**Exercise prompt:**
Using the material below, print the line that contains "i a \<noteq>", the line that contains "qed (simp add: col_def)", and every line in between, exactly and nothing else.
===
theorem lemma7p1:
  fixes T1 T2 :: "'a::field set" and n d l s r :: nat
    and f :: "'a \<Rightarrow> 'a \<Rightarrow> nat \<Rightarrow> nat \<Rightarrow> 'a" and P :: "'a poly poly"
  assumes "finite T1" and "finite T2" and "card T1 = n" and "card T2 = n"
    and "l \<le> d"
    and "int r = int s - \<lfloor>real (d - l) / real n\<rfloor>"
    and "\<forall>a\<in>T1. \<forall>b\<in>T2. \<forall>i j. s \<le> i + j \<longrightarrow> f a b i j = 0"
    and "\<forall>k. coeff P k \<noteq> 0 \<longrightarrow> k \<le> d - l \<and> degree (coeff P k) \<le> d - k"
    and "real (delta2 s T1 T2 f (enc2 s P)) < 1/2 * real n ^ 2 * (real s - real d / real n)"
  shows "Gamma s d l n r T1 (wfun s d l n T2 f) (gfun r s d l n T2 f) (coeff P (d - l))
           \<le> real (delta2 s T1 T2 f (enc2 s P))
         \<and> real (delta2 s T1 T2 f (enc2 s P)) < 1/2 * real n ^ 2 * (real s - real d / real n)"
proof (rule conjI[OF _ assms(9)])
  have "0 < n" by (rule gr0I) (use assms(9) in simp)
  have "degree P \<le> d - l" using assms(8) by (intro degree_le) (metis not_le)
  then have deg_row: "degree (x1_taylor_coeff P a i) \<le> d - l" for a i
    using degree_x1_taylor_coeff_le order_trans by blast
  define col where "col a = real (delta2 s {a} T2 f (enc2 s P))" for a
  have row_le_col:
    "real (delta1 (s - i) T2 (fia s f i a) (enc1 (s - i) (x1_taylor_coeff P a i))) \<le> col a" for a i
    using delta1_fia_le_delta2[of s i T2 f a "enc2 s P"] by (simp add: col_def fia_enc2)
  have "Gamma s d l n r T1 (wfun s d l n T2 f) (gfun r s d l n T2 f) (coeff P (d - l))
        \<le> (\<Sum>a\<in>T1. col a)"
  proof (rule Gamma_le_sum[OF assms(1)])
    fix i a
    assume "i < r" and "a \<in> Aset r T1 (gfun r s d l n T2 f) (coeff P (d - l)) i"
    then have "Gsel s d l n T2 f i a \<noteq> x1_taylor_coeff P a i"
      using Aset_coeff_neq by (fastforce simp: gfun_def coeff_x1_taylor_coeff)
    then show "real n * (real (s - i) - real (d - l) / real n) - wfun s d l n T2 f a i \<le> col a"
      using Gsel_neq_imp_delta1_ge[OF assms(2,4) \<open>0 < n\<close> deg_row] row_le_col order_trans by blast
  next
    fix i a
    show "wfun s d l n T2 f a i \<le> col a"
      using wfun_le_delta1[OF assms(2,4) \<open>0 < n\<close> deg_row] row_le_col order_trans by blast
  qed (simp add: col_def)
  also have "\<dots> = real (delta2 s T1 T2 f (enc2 s P))"
    by (simp add: col_def delta2_sum_columns[of s T1])
  finally show "Gamma s d l n r T1 (wfun s d l n T2 f) (gfun r s d l n T2 f) (coeff P (d - l))
      \<le> real (delta2 s T1 T2 f (enc2 s P))" .
qed

end
(* Let $N\ge 2$, let $T_N$ be the homogeneous tree in which every vertex has degree $N$, and fix a root $o$. Let $m>1$ and assume either $(p,q)\in G_{5.1}=\{(p,q): p+q=m-1,\ p\ge0,\ q>0\}$, or $(p,q)\in G_{5.2}=\{(p,q): p+q=m-1,\ q<0\}$ with $1<m<3$. Then there exist $\lambda>0$ and a weight $\mu$ on $T_N$ such that $$W_o(n)\asymp e^{\lambda n}\quad\text{for } n\ge 2,$$ and the inequality $\Delta_m u+u^p|\nabla u|^q\le 0$ on $T_N$ admits a nontrivial positive solution.
   Context: A weight on a graph $(V,E)$ is a symmetric function $\mu:V\times V\to[0,\infty)$ with $\mu_{xy}=\mu_{yx}>0$ if and only if $x\sim y$ (adjacent); $\mu(x)=\sum_{y\sim x}\mu_{xy}$. For $m>1$, $\Delta_m u(x)=\frac{1}{\mu(x)}\sum_{y\sim x}\mu_{xy}|u(y)-u(x)|^{m-2}(u(y)-u(x))$ and $|\nabla u(x)|=\big(\sum_{y\sim x}\frac{\mu_{xy}}{2\mu(x)}(u(y)-u(x))^2\big)^{1/2}$. $d$ is the graph distance, $B(o,n)=\{x: d(o,x)\le n\}$, $W_o(n)=\sum_{x\in B(o,n),\,y\in V,\,d(o,x)<d(o,y)}\mu_{xy}$. $f(n)\asymp g(n)$ for $n\ge2$ means there are constants $c,C>0$ with $c\,g(n)\le f(n)\le C\,g(n)$ for all $n\ge 2$. A nontrivial positive solution is a non-constant $u:V\to(0,\infty)$ with $\Delta_m u(x)+u(x)^p|\nabla u(x)|^q\le0$ for all $x\in V$. *)

theory Defs
  imports Complex_Main
begin

definition nbrs :: "'v set \<Rightarrow> ('v \<Rightarrow> 'v \<Rightarrow> bool) \<Rightarrow> 'v \<Rightarrow> 'v set" where
  "nbrs V adj x = {y \<in> V. adj x y}"

definition is_weight :: "'v set \<Rightarrow> ('v \<Rightarrow> 'v \<Rightarrow> bool) \<Rightarrow> ('v \<Rightarrow> 'v \<Rightarrow> real) \<Rightarrow> bool" where
  "is_weight V adj \<mu> \<longleftrightarrow>
     (\<forall>x\<in>V. \<forall>y\<in>V. \<mu> x y = \<mu> y x \<and> \<mu> x y \<ge> 0 \<and> (\<mu> x y > 0 \<longleftrightarrow> adj x y))"

definition vmeasure :: "'v set \<Rightarrow> ('v \<Rightarrow> 'v \<Rightarrow> bool) \<Rightarrow> ('v \<Rightarrow> 'v \<Rightarrow> real) \<Rightarrow> 'v \<Rightarrow> real" where
  "vmeasure V adj \<mu> x = (\<Sum>y\<in>nbrs V adj x. \<mu> x y)"

text \<open>m-Laplacian; the factor |t|^(m-2) t is read as 0 when t = 0 (note 0 powr a = 0).\<close>
definition m_laplacian ::
  "'v set \<Rightarrow> ('v \<Rightarrow> 'v \<Rightarrow> bool) \<Rightarrow> ('v \<Rightarrow> 'v \<Rightarrow> real) \<Rightarrow> real \<Rightarrow> ('v \<Rightarrow> real) \<Rightarrow> 'v \<Rightarrow> real" where
  "m_laplacian V adj \<mu> m u x =
     (1 / vmeasure V adj \<mu> x) *
     (\<Sum>y\<in>nbrs V adj x. \<mu> x y * (\<bar>u y - u x\<bar> powr (m - 2) * (u y - u x)))"

definition grad_norm ::
  "'v set \<Rightarrow> ('v \<Rightarrow> 'v \<Rightarrow> bool) \<Rightarrow> ('v \<Rightarrow> 'v \<Rightarrow> real) \<Rightarrow> ('v \<Rightarrow> real) \<Rightarrow> 'v \<Rightarrow> real" where
  "grad_norm V adj \<mu> u x =
     sqrt (\<Sum>y\<in>nbrs V adj x. \<mu> x y / (2 * vmeasure V adj \<mu> x) * (u y - u x)\<^sup>2)"

definition gdist :: "('v \<Rightarrow> 'v \<Rightarrow> bool) \<Rightarrow> 'v \<Rightarrow> 'v \<Rightarrow> nat" where
  "gdist adj x y = (LEAST n. (adj ^^ n) x y)"

definition W_fun ::
  "'v set \<Rightarrow> ('v \<Rightarrow> 'v \<Rightarrow> bool) \<Rightarrow> ('v \<Rightarrow> 'v \<Rightarrow> real) \<Rightarrow> 'v \<Rightarrow> nat \<Rightarrow> real" where
  "W_fun V adj \<mu> r n =
     (\<Sum>(x, y)\<in>{(x, y). x \<in> V \<and> y \<in> V \<and> adj x y \<and> gdist adj r x \<le> n
                        \<and> gdist adj r x < gdist adj r y}. \<mu> x y)"
(* Let $\Xi:M_p\to M_q$ be an entanglement-breaking channel $\Xi(X)=\sum_{i=1}^l\mathrm{Tr}[XM_i]\sigma_i$, where $(M_i)_{i=1}^l$ is a POVM on $\mathbb C^p$ with $\|M_i\|_\infty=1$ for all $i$ and $\sigma_i\in D_q$, and let $\Psi:M_N\to M_k$ be any quantum channel. Then $$K_{\Xi\otimes\Psi}=K_\Xi\otimes K_\Psi,$$ where $K_{\Xi\otimes\Psi}=(\Xi\otimes\Psi)(D_{pN})$, $K_\Xi=\Xi(D_p)$, $K_\Psi=\Psi(D_N)$, and $K_\Xi\otimes K_\Psi$ denotes the smallest convex set containing all $X\otimes Y$ with $X\in K_\Xi$, $Y\in K_\Psi$.
   Context: A POVM is a family of positive semidefinite matrices summing to the identity; $D_d$ is the set of $d\times d$ density matrices; $\|\cdot\|_\infty$ is the operator norm. *)

theory Defs
  imports "HOL-Analysis.Analysis"
begin

type_synonym 'n cmat = "complex^'n^'n"

definition msc :: "complex \<Rightarrow> ('n::finite) cmat \<Rightarrow> 'n cmat" where
  "msc c A = (\<chi> i j. c * A $ i $ j)"

definition psd :: "('n::finite) cmat \<Rightarrow> bool" where
  "psd A \<longleftrightarrow> (\<forall>v::complex^'n.
      let z = (\<Sum>i\<in>UNIV. cnj (v $ i) * (A *v v) $ i) in Im z = 0 \<and> Re z \<ge> 0)"

definition dens :: "('n::finite) cmat set" where
  "dens = {\<rho>. psd \<rho> \<and> trace \<rho> = 1}"

definition opnorm :: "('n::finite) cmat \<Rightarrow> real" where
  "opnorm A = onorm (\<lambda>v::complex^'n. A *v v)"

definition povm :: "nat \<Rightarrow> (nat \<Rightarrow> ('n::finite) cmat) \<Rightarrow> bool" where
  "povm l M \<longleftrightarrow> (\<forall>t<l. psd (M t)) \<and> (\<Sum>t<l. M t) = mat 1"

text \<open>Kronecker product of matrices; index (a,b) corresponds to e_a \<otimes> e_b.\<close>
definition kron :: "('a::finite) cmat \<Rightarrow> ('b::finite) cmat \<Rightarrow> ('a \<times> 'b) cmat" where
  "kron A B = (\<chi> x y. A $ fst x $ fst y * B $ snd x $ snd y)"

definition munit :: "('n::finite) \<Rightarrow> 'n \<Rightarrow> 'n cmat" where
  "munit a b = (\<chi> i j. if i = a \<and> j = b then 1 else 0)"

definition clin :: "(('n::finite) cmat \<Rightarrow> ('m::finite) cmat) \<Rightarrow> bool" where
  "clin \<Phi> \<longleftrightarrow> (\<forall>A B. \<Phi> (A + B) = \<Phi> A + \<Phi> B) \<and> (\<forall>c A. \<Phi> (msc c A) = msc c (\<Phi> A))"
===
**Answer to this exercise:**
    then have "Gsel s d l n T2 f i a \<noteq> x1_taylor_coeff P a i"
      using Aset_coeff_neq by (fastforce simp: gfun_def coeff_x1_taylor_coeff)
    then show "real n * (real (s - i) - real (d - l) / real n) - wfun s d l n T2 f a i \<le> col a"
      using Gsel_neq_imp_delta1_ge[OF assms(2,4) \<open>0 < n\<close> deg_row] row_le_col order_trans by blast
  next
    fix i a
    show "wfun s d l n T2 f a i \<le> col a"
      using wfun_le_delta1[OF assms(2,4) \<open>0 < n\<close> deg_row] row_le_col order_trans by blast
  qed (simp add: col_def)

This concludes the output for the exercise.